# Minor Sketchup Problem - bug or my error?



## ThePickledZebra (Jul 19, 2008)

Hola!

I am a noob on this site and just getting started trying to design my first project. I have been playing with Google Sketchup to see what I can do. Here is a picture of a simple side-rail or arm for a sofa. When I tried to use the FollowMe tool to round off the arm, I ended up with new bizarre edges. Small ones, but nonetheless disconcerting. The starting arc was perpendicular to the FollowMe path, so I am a bit perplexed.

Any insight or suggestions would be most appreciated.


----------



## gwurst (Nov 28, 2007)

This topic may help you with the follow-me tool:

http://lumberjocks.com/topics/4063

If you're still stuck, I can look at your SKP file and see if I can see what is happening.


----------



## ThePickledZebra (Jul 19, 2008)

Greg, thanks for the reply. Unfortunately your link doesn't fix the issue, tho it is VERY close. I'm not sure how to attach the .skp files, so here's a series of pictures reproducing the "error" in simple steps.

1. Make block of material on axes.










2. Let's make an arc on the top surface left corner










3. Use push/pull to remove portion of the block. Draw new arc, as shown,










4. Extrude arc shape using FollowMe tool. (path was selected as all edges of top surface, not the surface itself)










5. Ok, that worked poorly. Maybe it's cuz of the overlap at this corner. Let's not select the path as the 
edges all along the top surface. Instead, we create a line segment near the corner of interest and leave it 
out of the selected path.










6. Extrude (FollowMe) again.










Oopsie!


----------



## gizmodyne (Mar 15, 2007)

Hi,

Are you trying to keep one part flat?

Sometimes you just have to erase left overs and redraw lines to "heal" your project.


----------



## Grumpy (Nov 9, 2007)

There have been some good posts on sketchup, might be worth checking them out.


----------



## ThePickledZebra (Jul 19, 2008)

Yes, I wanted at segment of the face in the foreground to remain flat.

It does seem to be a "bug" that I'll just have to clean up manually.

Ok. Thanks Giz and Grumpy.


----------



## gwurst (Nov 28, 2007)

Select just the top surface and use the follow-me tool. It worked on the test piece I just created from your pictures.


----------



## ThePickledZebra (Jul 19, 2008)

Right! That works. How would you leave a section of the block flat? Say you wanted to use
the last 6 inches or so for some mortise/tenon work (as in my picture #6)?


----------



## gwurst (Nov 28, 2007)

Depends on which section you wanted flat.
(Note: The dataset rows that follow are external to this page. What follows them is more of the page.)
lemma not_solves_wait_free_Cons:
  assumes "f + 2 \<le> n" "n - 1 \<le> f'"
  shows "\<not> solves_with A (ConsTask n f') (ConsTask n f)"
proof
  assume sol: "solves_with A (ConsTask n f') (ConsTask n f)"
  have procs: "1 \<in> {1..n}" "2 \<in> {1..n}" using assms(1) by auto
  let ?V1 = "\<lambda>_ :: nat. False" and ?V2 = "\<lambda>_ :: nat. True" and ?V = "\<lambda>q :: nat. q \<noteq> 1"
  obtain T1 where T1: "decision A (state A ?V1 (solo 1 0)
      (event_of (adversary.deliveries A ?V1 (solo 1 0) (\<lambda>_. False))) T1 1) = Some False"
    using solo_run_decides_input[OF sol assms(2,1) procs(1)] by blast
  obtain T2 where T2: "decision A (state A ?V2 (solo 2 T1)
      (event_of (adversary.deliveries A ?V2 (solo 2 T1) (\<lambda>_. False))) T2 2) = Some True"
    using solo_run_decides_input[OF sol assms(2,1) procs(2)] by blast
  define opened where "opened t \<longleftrightarrow> T1 + T2 \<le> t" for t
  interpret run1: adversary_pair A ?V1 "solo 1 0" "\<lambda>_. False" ?V "handover T1" opened .
  interpret run2: adversary_pair A ?V2 "solo 2 T1" "\<lambda>_. False" ?V "handover T1" opened .
  have run: "is_run n (ConsP n) f A (handover_failures n T1) ?V (handover T1)
      run1.r'.ev run1.r'.src (run1.r'.oracle_answer 2)"
    using handover_is_run[of n T1 "T1 + T2"] assms(1) unfolding opened_def by simp
  have faulty: "card (Faulty (handover_failures n T1)) \<le> f'"
    using assms(2) procs(2) by (simp add: Faulty_handover_failures)
  have "state A ?V1 (solo 1 0) run1.r.ev T1 1 = state A ?V (handover T1) run1.r'.ev T1 1"
    by (rule run1.state_indistinguishable) (auto simp: solo_def handover_def opened_def)
  then have "decision A (state A ?V (handover T1) run1.r'.ev T1 1) = Some False"
    using T1 by simp
  moreover have "state A ?V2 (solo 2 T1) run2.r.ev T2 2 = state A ?V (handover T1) run1.r'.ev T2 2"
    by (rule run2.state_indistinguishable) (auto simp: solo_def handover_def opened_def)
  then have "decision A (state A ?V (handover T1) run1.r'.ev T2 2) = Some True"
    using T2 by simp
  ultimately show False
    using solves_with_ConsTaskD(2)[OF sol run faulty procs] by blast
qed

theorem mainTheorem15:
  fixes n f :: nat
  assumes "1 \<le> f" and "f + 2 \<le> n"
  shows "C_reducible TYPE(nat) TYPE(nat) (ConsTask n f) (ConsTask n (n - 1))
         \<and> \<not> C_reducible TYPE('s) TYPE('m) (ConsTask n (n - 1)) (ConsTask n f)"
proof
  show "C_reducible TYPE(nat) TYPE(nat) (ConsTask n f) (ConsTask n (n - 1))"
    using assms(2) by (intro C_reducible_Cons_Cons) linarith
  show "\<not> C_reducible TYPE('s) TYPE('m) (ConsTask n (n - 1)) (ConsTask n f)"
    using not_solves_wait_free_Cons[OF assms(2) order_refl] unfolding C_reducible_def by blast
qed

end
lemma sum_exp_eq_1_exists_pos:
  fixes a x :: "real^'n"
  assumes a: "\<forall>i. a $ i > 0" and x: "\<forall>i. x $ i > 0"
  shows "\<exists>t. (\<Sum>i\<in>UNIV. x $ i * exp (a $ i * t)) = 1"
proof -
  define S where "S t = (\<Sum>i\<in>UNIV. x $ i * exp (a $ i * t))" for t
  have "(S \<longlongrightarrow> 0) at_bot"
  proof -
    have "((\<lambda>t. x $ i * exp (a $ i * t)) \<longlongrightarrow> 0) at_bot" for i
    proof -
      have "filterlim (\<lambda>t. a $ i * t) at_bot at_bot"
        using a by (intro filterlim_tendsto_pos_mult_at_bot[OF tendsto_const _ filterlim_ident]) auto
      from filterlim_compose[OF exp_at_bot this] show ?thesis
        by (rule tendsto_mult_right_zero)
    qed
    then show ?thesis unfolding S_def by (rule tendsto_null_sum)
  qed
  then have "\<forall>\<^sub>F t in at_bot. S t < 1"
    by (rule order_tendstoD) simp
  then obtain t0 where S0: "S t0 \<le> 1"
    unfolding eventually_at_bot_linorder by (meson order_refl less_imp_le)
  fix j :: 'n
  define t1 where "t1 = - ln (x $ j) / a $ j"
  have "x $ j > 0" "a $ j > 0" using a x by auto
  then have "x $ j * exp (a $ j * t1) = 1"
    by (simp add: t1_def exp_minus field_simps)
  moreover have "x $ j * exp (a $ j * t1) \<le> S t1"
    unfolding S_def by (rule member_le_sum) (use x in \<open>auto intro: less_imp_le\<close>)
  ultimately have S1: "1 \<le> S t1" by simp
  have "t0 \<le> t1"
  proof (rule ccontr)
    assume "\<not> t0 \<le> t1"
    then have "S t1 < S t0"
      using strict_mono_sum_exp[OF a x] by (simp add: S_def strict_mono_def)
    with S0 S1 show False by simp
  qed
  moreover have "continuous_on {t0..t1} S"
    unfolding S_def by (intro continuous_intros)
  ultimately obtain t where "S t = 1"
    using IVT'[of S, OF S0 S1] by blast
  then show ?thesis unfolding S_def by blast
qed

lemma sum_exp_reflect:
  "(\<Sum>i\<in>UNIV. x $ i * exp ((- a) $ i * t)) = (\<Sum>i\<in>UNIV. x $ i * exp (a $ i * (- t)))"
  by simp

lemma inj_sum_exp:
  fixes a x :: "real^'n"
  assumes "sign_definite a" and "\<forall>i. x $ i > 0"
  shows "inj (\<lambda>t. \<Sum>i\<in>UNIV. x $ i * exp (a $ i * t))"
  using sign_definite_reflect[OF assms(1)]
proof
  assume "\<forall>i. a $ i > 0"
  then show ?thesis by (rule strict_mono_imp_inj_on[OF strict_mono_sum_exp[OF _ assms(2)]])
next
  assume "\<forall>i. (- a) $ i > 0"
  then have inj_reflected: "inj (\<lambda>t. \<Sum>i\<in>UNIV. x $ i * exp ((- a) $ i * t))"
    by (rule strict_mono_imp_inj_on[OF strict_mono_sum_exp[OF _ assms(2)]])
  show ?thesis
  proof (rule injI)
    fix s t
    assume "(\<Sum>i\<in>UNIV. x $ i * exp (a $ i * s)) = (\<Sum>i\<in>UNIV. x $ i * exp (a $ i * t))"
    then have "(\<Sum>i\<in>UNIV. x $ i * exp ((- a) $ i * - s)) = (\<Sum>i\<in>UNIV. x $ i * exp ((- a) $ i * - t))"
      by simp
    from injD[OF inj_reflected this] show "s = t" by simp
  qed
qed
(* Let $m\ge2$, $K$ an algebraic number field, $a(z)\in K[z]$ monic of degree $m$, $b(z)\in K[z]$ of degree $\le m-1$ with $z^{m-1}$-coefficient $b_{m-1}$. Assume $a(z)=\prod_{i=1}^m(z-\alpha_i)$ with $\alpha_i\in K$ pairwise distinct, $s_i:=b(\alpha_i)/a'(\alpha_i)\in\mathbb{Q}\setminus\mathbb{Z}_{\le-1}$ for all $i$, and $b_{m-1}\notin\mathbb{Z}_{<-1}$. For $0\le j\le m-2$ let \[f_j(z)=\prod_{i=1}^m\Bigl(1-\frac{\alpha_i}{z}\Bigr)^{s_i}\cdot\frac{1}{z^{j+1}}F^{(m)}_D\Bigl(b_{m-1}+j+1,\,1+s_1,\ldots,1+s_m,\,b_{m-1}+j+2;\,\frac{\alpha_1}{z},\ldots,\frac{\alpha_m}{z}\Bigr).\] Then $f_0,\ldots,f_{m-2}$ are linearly independent over $K$, and $L\cdot f_j(z)\in K[z]$ for $0\le j\le m-2$, where $L=-a(z)\frac{d}{dz}+b(z)$.
   Context: $(x)_0=1$, $(x)_k=x(x+1)\cdots(x+k-1)$; $F^{(m)}_D(\alpha,\beta_1,\ldots,\beta_m,\gamma;z_1,\ldots,z_m)=\sum_{k_1,\ldots,k_m\ge0}\frac{(\alpha)_{k_1+\cdots+k_m}\prod_i(\beta_i)_{k_i}}{(\gamma)_{k_1+\cdots+k_m}\prod_ik_i!}\prod_i z_i^{k_i}$; $(1-\alpha/z)^s=\sum_{k\ge0}\frac{(-s)_k}{k!}\alpha^kz^{-k}$. These are formal series in $(1/z)K[[1/z]]$, and $L\cdot f=-af'+bf$ with termwise differentiation. *)

theory Defs
  imports "HOL-Computational_Algebra.Computational_Algebra"
begin
lemma linear_ode_zero_data_imp_zero:
  fixes h h' p :: "real \<Rightarrow> real"
  assumes "a \<le> b"
    and dh: "\<And>x. a \<le> x \<Longrightarrow> x \<le> b \<Longrightarrow> (h has_real_derivative h' x) (at x)"
    and dh': "\<And>x. a \<le> x \<Longrightarrow> x \<le> b \<Longrightarrow> (h' has_real_derivative p x * h x) (at x)"
    and p_bound: "\<And>x. a \<le> x \<Longrightarrow> x \<le> b \<Longrightarrow> \<bar>p x\<bar> \<le> P"
    and "h b = 0" "h' b = 0"
  shows "h a = 0"
proof -
  define L where "L = 1 + P"
  define F where "F t = ((h t)\<^sup>2 + (h' t)\<^sup>2) * exp (L * t)" for t
  have "F a \<le> F b"
  proof (rule DERIV_nonneg_imp_nondecreasing[of a b F, OF \<open>a \<le> b\<close>])
    fix x assume x: "a \<le> x" "x \<le> b"
    define E where "E = (h x)\<^sup>2 + (h' x)\<^sup>2"
    have dE: "((\<lambda>t. (h t)\<^sup>2 + (h' t)\<^sup>2) has_real_derivative 2 * (1 + p x) * (h x * h' x)) (at x)"
      by (rule DERIV_add[OF DERIV_power[OF dh[OF x]] DERIV_power[OF dh'[OF x]], THEN DERIV_cong])
         (simp add: algebra_simps)
    have dexp: "((\<lambda>t. exp (L * t)) has_real_derivative exp (L * x) * L) (at x)"
      using DERIV_chain2[OF DERIV_exp DERIV_cmult[OF DERIV_ident, of L]] by simp
    have "(F has_real_derivative
            (2 * (1 + p x) * (h x * h' x) + L * E) * exp (L * x)) (at x)"
      unfolding F_def
      by (rule DERIV_mult[OF dE dexp, THEN DERIV_cong]) (simp add: E_def algebra_simps)
    moreover have "\<bar>1 + p x\<bar> \<le> L"
      using p_bound[OF x] unfolding L_def by linarith
    then have "0 \<le> 2 * (1 + p x) * (h x * h' x) + L * E"
      unfolding E_def by (rule cross_term_le_energy)
    ultimately show "\<exists>y. (F has_real_derivative y) (at x) \<and> 0 \<le> y"
      by auto
  qed
  also have "F b = 0"
    unfolding F_def using assms(5,6) by simp
  finally have "(h a)\<^sup>2 + (h' a)\<^sup>2 \<le> 0"
    unfolding F_def by (simp add: mult_le_0_iff)
  then show "h a = 0"
    by (simp add: sum_power2_le_zero_iff)
qed

lemma exists_pos_if_wronskian_ge:
  fixes f f' g g' :: "real \<Rightarrow> real"
  assumes df: "\<And>x. a \<le> x \<Longrightarrow> (f has_real_derivative f' x) (at x)"
    and dg: "\<And>x. a \<le> x \<Longrightarrow> (g has_real_derivative g' x) (at x)"
    and g_bounds: "\<And>x. a \<le> x \<Longrightarrow> 0 < g x \<and> g x \<le> M"
    and wronskian_ge: "\<And>x. a \<le> x \<Longrightarrow> c \<le> f' x * g x - f x * g' x" and "0 < c"
  shows "\<exists>t\<ge>a. 0 < f t"
proof -
  \<comment> \<open>Since (f/g)' = (f' g - f g')/g^2 \<ge> c/M^2, the quotient f/g grows at least linearly.\<close>
  define k where "k = c / M\<^sup>2"
  have "0 < M"
    using g_bounds[of a] by linarith
  have quotient_grows: "f a / g a + k * (t - a) \<le> f t / g t" if "a \<le> t" for t
  proof -
    have "f a / g a - k * a \<le> f t / g t - k * t"
    proof (rule DERIV_nonneg_imp_nondecreasing[of a t "\<lambda>t. f t / g t - k * t", OF that])
      fix x assume "a \<le> x" "x \<le> t"
      then have gx: "0 < g x" "g x \<le> M" and Wx: "c \<le> f' x * g x - f x * g' x"
        using g_bounds wronskian_ge by auto
      have "((\<lambda>t. f t / g t - k * t) has_real_derivative
              (f' x * g x - f x * g' x) / (g x * g x) - k) (at x)"
        using DERIV_diff[OF DERIV_divide[OF df dg] DERIV_cmult[OF DERIV_ident, of k]] gx \<open>a \<le> x\<close>
        by simp
      moreover have "k \<le> (f' x * g x - f x * g' x) / (g x * g x)"
      proof -
        have "k \<le> c / (g x * g x)"
          unfolding k_def power2_eq_square using gx \<open>0 < c\<close>
          by (intro divide_left_mono mult_mono mult_pos_pos) auto
        also have "\<dots> \<le> (f' x * g x - f x * g' x) / (g x * g x)"
          using Wx gx by (intro divide_right_mono) auto
        finally show ?thesis .
      qed
      ultimately show "\<exists>y. ((\<lambda>t. f t / g t - k * t) has_real_derivative y) (at x) \<and> 0 \<le> y"
        by auto
    qed
    then show ?thesis
      by (simp add: algebra_simps)
  qed
  define t where "t = a + (\<bar>f a / g a\<bar> + 1) / k"
  have "0 < k"
    unfolding k_def using \<open>0 < c\<close> \<open>0 < M\<close> by simp
  then have "a \<le> t" and "k * (t - a) = \<bar>f a / g a\<bar> + 1"
    unfolding t_def by auto
  then have "0 < f t / g t"
    using quotient_grows[of t] by linarith
  then show ?thesis
    using \<open>a \<le> t\<close> g_bounds[of t] by (auto simp: zero_less_divide_iff)
qed
(* Let $u\in M_k$. (a) If $u$ is an interior point of $C(A)$, then $x^u\in\mathcal W'_k$ satisfies a linear differential equation of order $R_k$ over $\mathbb C(\lambda)$, i.e. there are $c_0,\dots,c_{R_k}\in\mathbb C(\lambda)$, not all zero, with $\sum_{i=0}^{R_k}c_iD_\lambda^i(x^u)=0$ in $\mathcal W'_k$. (b) If $u$ is a boundary point of $C(A)$, then $x^u\in\mathcal W'_k$ satisfies a linear differential equation of order $R_k+1$ over $\mathbb C(\lambda)$.
   Context: Let $A=\{\mathbf a_1,\dots,\mathbf a_m\}\subseteq\mathbb Z^n$ be linearly independent over $\mathbb R$, $\mathbf a_0\in\mathbb Z^n$, and $\ell_0,\dots,\ell_m$ positive integers with gcd $1$, $\ell_0\mathbf a_0=\sum_{j=1}^m\ell_j\mathbf a_j$, $\ell_0=\sum_{j=1}^m\ell_j$. Let $f_\lambda=\sum_{j=1}^m\ell_jx^{\mathbf a_j}-\ell_0\lambda x^{\mathbf a_0}$. Let $V$ be the real span of $A$, $V_{\mathbb Z}=V\cap\mathbb Z^n$, $C(A)$ the closed real cone generated by $A$ (interior and boundary are relative to $V$), $M=V_{\mathbb Z}\cap C(A)$, $\mathbb ZA_+$ the group generated by $A\cup\{\mathbf a_0\}$. Fix a coset $\mathcal C_k$ of $\mathbb ZA_+$ in $V_{\mathbb Z}$, $M_k=M\cap\mathcal C_k$, $S'_k$ the $\mathbb C(\lambda)$-span of $\{x^u:u\in M_k\}$, $D_i=x_i\partial/\partial x_i+x_i\partial f_\lambda/\partial x_i$ ($i=1,\dots,n$), $D_\lambda=\partial/\partial\lambda-\ell_0x^{\mathbf a_0}$, and $\mathcal W'_k=S'_k/\sum_iD_iS'_k$ (with $D_\lambda$ acting on it). Let $P(A)=\{\sum_jc_j\mathbf a_j:0\le c_j<1\}$, $\mathcal B=V_{\mathbb Z}\cap P(A)$, $\mathcal B_k=\mathcal B\cap\mathcal C_k$, and let $R_k$ be the number of elements $\sum_jv_j\mathbf a_j$ of $\mathcal B_k$ with all $v_j>0$ (interior points of $P(A)$). *)

theory Defs
  imports "HOL-Analysis.Analysis" "HOL-Computational_Algebra.Computational_Algebra"
begin

type_synonym ratfun = "complex poly fract"

definition lam :: ratfun where
  "lam = Fract [:0, 1:] 1"

definition ratfun_deriv :: "ratfun \<Rightarrow> ratfun" where
  "ratfun_deriv r = (THE s. \<forall>p q. q \<noteq> 0 \<longrightarrow> r = Fract p q \<longrightarrow>
      s = Fract (pderiv p * q - p * pderiv q) (q * q))"

text \<open>An element of the C(lambda)-span of monomials x^u (u a lattice point in R^n, with
  'n a finite index type) is represented by its coefficient function g, which must have
  finite support.\<close>

type_synonym 'n lpoly = "(real ^ 'n) \<Rightarrow> ratfun"

definition monom :: "real ^ 'n \<Rightarrow> 'n lpoly" where
  "monom u = (\<lambda>w. if w = u then 1 else 0)"

definition Sk :: "(real ^ 'n) set \<Rightarrow> 'n lpoly set" where
  "Sk Mk = {g. finite {w. g w \<noteq> 0} \<and> {w. g w \<noteq> 0} \<subseteq> Mk}"
lemma strongly_list_decodable_iff_subsets:
  "strongly_list_decodable C \<tau> L \<longleftrightarrow>
     \<not> (\<exists>y A. A \<subseteq> C \<and> card A = L + 1 \<and> (\<Sum>x\<in>A. real (hamming_weight (y - x))) \<le> (real L + 1) * \<tau>)"
proof -
  have "(\<exists>c. inj_on c {0..L} \<and> c ` {0..L} \<subseteq> C \<and>
          (\<Sum>m=0..L. real (hamming_weight (y - c m))) \<le> (real L + 1) * \<tau>)
    \<longleftrightarrow> (\<exists>A. A \<subseteq> C \<and> card A = L + 1 \<and>
          (\<Sum>x\<in>A. real (hamming_weight (y - x))) \<le> (real L + 1) * \<tau>)" for y
    by (rule ex_inj_indexing_iff_ex_subset_card)
  then show ?thesis
    unfolding strongly_list_decodable_def by simp
qed

lemma L_MDS_iff_subsets:
  fixes C :: "('a::field ^ 'n) set"
  assumes "linear_code C k"
  shows "L_MDS C k L \<longleftrightarrow>
    \<not> (\<exists>y A. A \<subseteq> C \<and> card A = L + 1 \<and> (\<Sum>x\<in>A. hamming_weight (y - x)) \<le> L * (CARD('n) - k))"
proof -
  have radius: "(real L + 1) * (real L * (real CARD('n) - real k) / (real L + 1))
      = real (L * (CARD('n) - k))"
    using linear_code_dim_le[OF assms] by (simp add: of_nat_diff)
  show ?thesis
    unfolding L_MDS_def strongly_list_decodable_iff_subsets radius of_nat_sum[symmetric] of_nat_le_iff
    using assms by simp
qed
lemma solutions_from_zero_agree:
  fixes p :: "real \<Rightarrow> real"
  assumes p: "L-lipschitz_on UNIV p" and \<alpha>: "0 < \<alpha>"
    and u: "is_solution \<alpha> p u u' t0 t1" "t0 < t1" "(u \<longlongrightarrow> 0) (at_right t0)" "(u' \<longlongrightarrow> v0) (at_right t0)"
    and w: "is_solution \<alpha> p w w' t0 t2" "t0 < t2" "(w \<longlongrightarrow> 0) (at_right t0)" "(w' \<longlongrightarrow> v0) (at_right t0)"
    and v0: "0 < v0" and t: "t0 < t" "t < t1" "t < t2"
  shows "u t = w t"
proof -
  obtain s where s: "t0 < s" "s \<le> t" "s < t1" "s < t2" and init: "u s = w s" "u' s = w' s"
    using solutions_from_zero_meet[OF p u w v0 t(1)] by blast
  define b where "b = min t1 t2"
  have "{s..<b} \<subseteq> {t0<..<t1}" "{s..<b} \<subseteq> {t0<..<t2}" using s by (auto simp: b_def)
  then have "continuous_on {s..<b} u" "continuous_on {s..<b} u'"
    "continuous_on {s..<b} w" "continuous_on {s..<b} w'"
    using is_solution_continuous[OF u(1)] is_solution_continuous[OF w(1)] by (auto intro: continuous_on_subset)
  moreover have "is_solution \<alpha> p u u' s b" "is_solution \<alpha> p w w' s b"
    using is_solution_subinterval[OF u(1)] is_solution_subinterval[OF w(1)] s by (auto simp: b_def)
  moreover have "0 < u s" using u(1) s by (simp add: is_solution_def)
  moreover have "t \<in> {s..<b}" using s t by (simp add: b_def)
  ultimately show ?thesis using is_solution_unique_right[OF \<alpha>] init by blast
qed

section \<open>The solution leaving \<open>0\<close> with speed \<open>v\<^sub>0\<close>\<close>

locale bounce =
  fixes \<alpha> p1 p2 v0 L :: real and p :: "real \<Rightarrow> real"
  assumes \<alpha>: "0 < \<alpha>" "\<alpha> < 1"
    and p_lipschitz: "L-lipschitz_on UNIV p"
    and p_bounds: "\<And>t. p2 \<le> p t \<and> p t \<le> p1" and p1_neg: "p1 < 0"
    and v0_large: "sqrt (2 * (p1 - p2) * ((\<alpha> - 1) * p1) powr (-1 / \<alpha>)) < v0"
begin

text \<open>\<open>\<eta>\<close> is the position at which the repulsion \<open>u\<^sup>-\<^sup>\<alpha>\<close> balances \<open>(\<alpha> - 1) p\<^sub>1\<close>; beyond it the
  acceleration is at most \<open>\<alpha> p\<^sub>1 < 0\<close>.\<close>
definition \<eta> :: real where "\<eta> = ((\<alpha> - 1) * p1) powr (-1 / \<alpha>)"

text \<open>A lower bound for the kinetic energy of the rising solution at the position \<open>\<eta>\<close>.\<close>
definition energy_margin :: real where "energy_margin = v0\<^sup>2 / 2 - (p1 - p2) * \<eta>"

definition force_primitive :: "real \<Rightarrow> real" where "force_primitive x = x powr (1 - \<alpha>) / (1 - \<alpha>) + p1 * x"

lemma p2_le_p1: "p2 \<le> p1"
  using p_bounds[of 0] by simp

lemma balance_pos: "0 < (\<alpha> - 1) * p1"
  using \<alpha> p1_neg by (intro mult_neg_neg) auto

lemma eta_pos: "0 < \<eta>"
  using balance_pos \<alpha> p1_neg by (simp add: \<eta>_def)

lemma eta_powr: "\<eta> powr - \<alpha> = (\<alpha> - 1) * p1"
proof -
  have "\<eta> powr - \<alpha> = ((\<alpha> - 1) * p1) powr ((-1 / \<alpha>) * (- \<alpha>))"
    unfolding \<eta>_def by (simp add: powr_powr)
  also have "(-1 / \<alpha>) * (- \<alpha>) = 1" using \<alpha> by simp
  finally show ?thesis using balance_pos by simp
qed

lemma v0_pos: "0 < v0" and energy_margin_pos: "0 < energy_margin"
proof -
  have nonneg: "0 \<le> 2 * (p1 - p2) * \<eta>" using p2_le_p1 eta_pos by simp
  have v0: "sqrt (2 * (p1 - p2) * \<eta>) < v0" using v0_large by (simp add: \<eta>_def)
  then show "0 < v0" using real_sqrt_ge_zero[OF nonneg] by linarith
  have "(sqrt (2 * (p1 - p2) * \<eta>))\<^sup>2 < v0\<^sup>2"
    using v0 nonneg by (intro power_strict_mono) auto
  then show "0 < energy_margin" using nonneg by (simp add: energy_margin_def algebra_simps)
qed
Can you draw a rough sketch of what you want it to look like?


----------



## ThePickledZebra (Jul 19, 2008)

I'd like it to look like Figure 6, without the splatter at the corner. 

I can figure out a workaround, I'm just curious now what is producing that error.

Thanks for your time and help, Greg.


----------



## gwurst (Nov 28, 2007)

Like this?










You can either manually drag the follow-me tool to where you want it or just draw a line that stops where you need it to stop and then select all the connecting edges before using the follow-me tool.


----------



## ThePickledZebra (Jul 19, 2008)

hmm… weird. That's exactly what I did - selected all the connecting edges before using the followme tool.


----------



## gwurst (Nov 28, 2007)

Try building the profile of your object while flat before pulling it up. That way you don't have any weird or missing geometry.


----------



## ThePickledZebra (Jul 19, 2008)

Problem solved! Thanks for hanging with me through this.


----------



## gwurst (Nov 28, 2007)

Glad to help! Did you figure something out or was it drawing the profile flat and pulling it up?


----------



## ThePickledZebra (Jul 19, 2008)

In the process of starting with the full profile flat and pulling it up, I realized that the extrusion arc
was perpendicular to the top surface (so the surface-selected followme works), but that it wasn't
perpendicular to the first line segment of the curved edge path. doh!


----------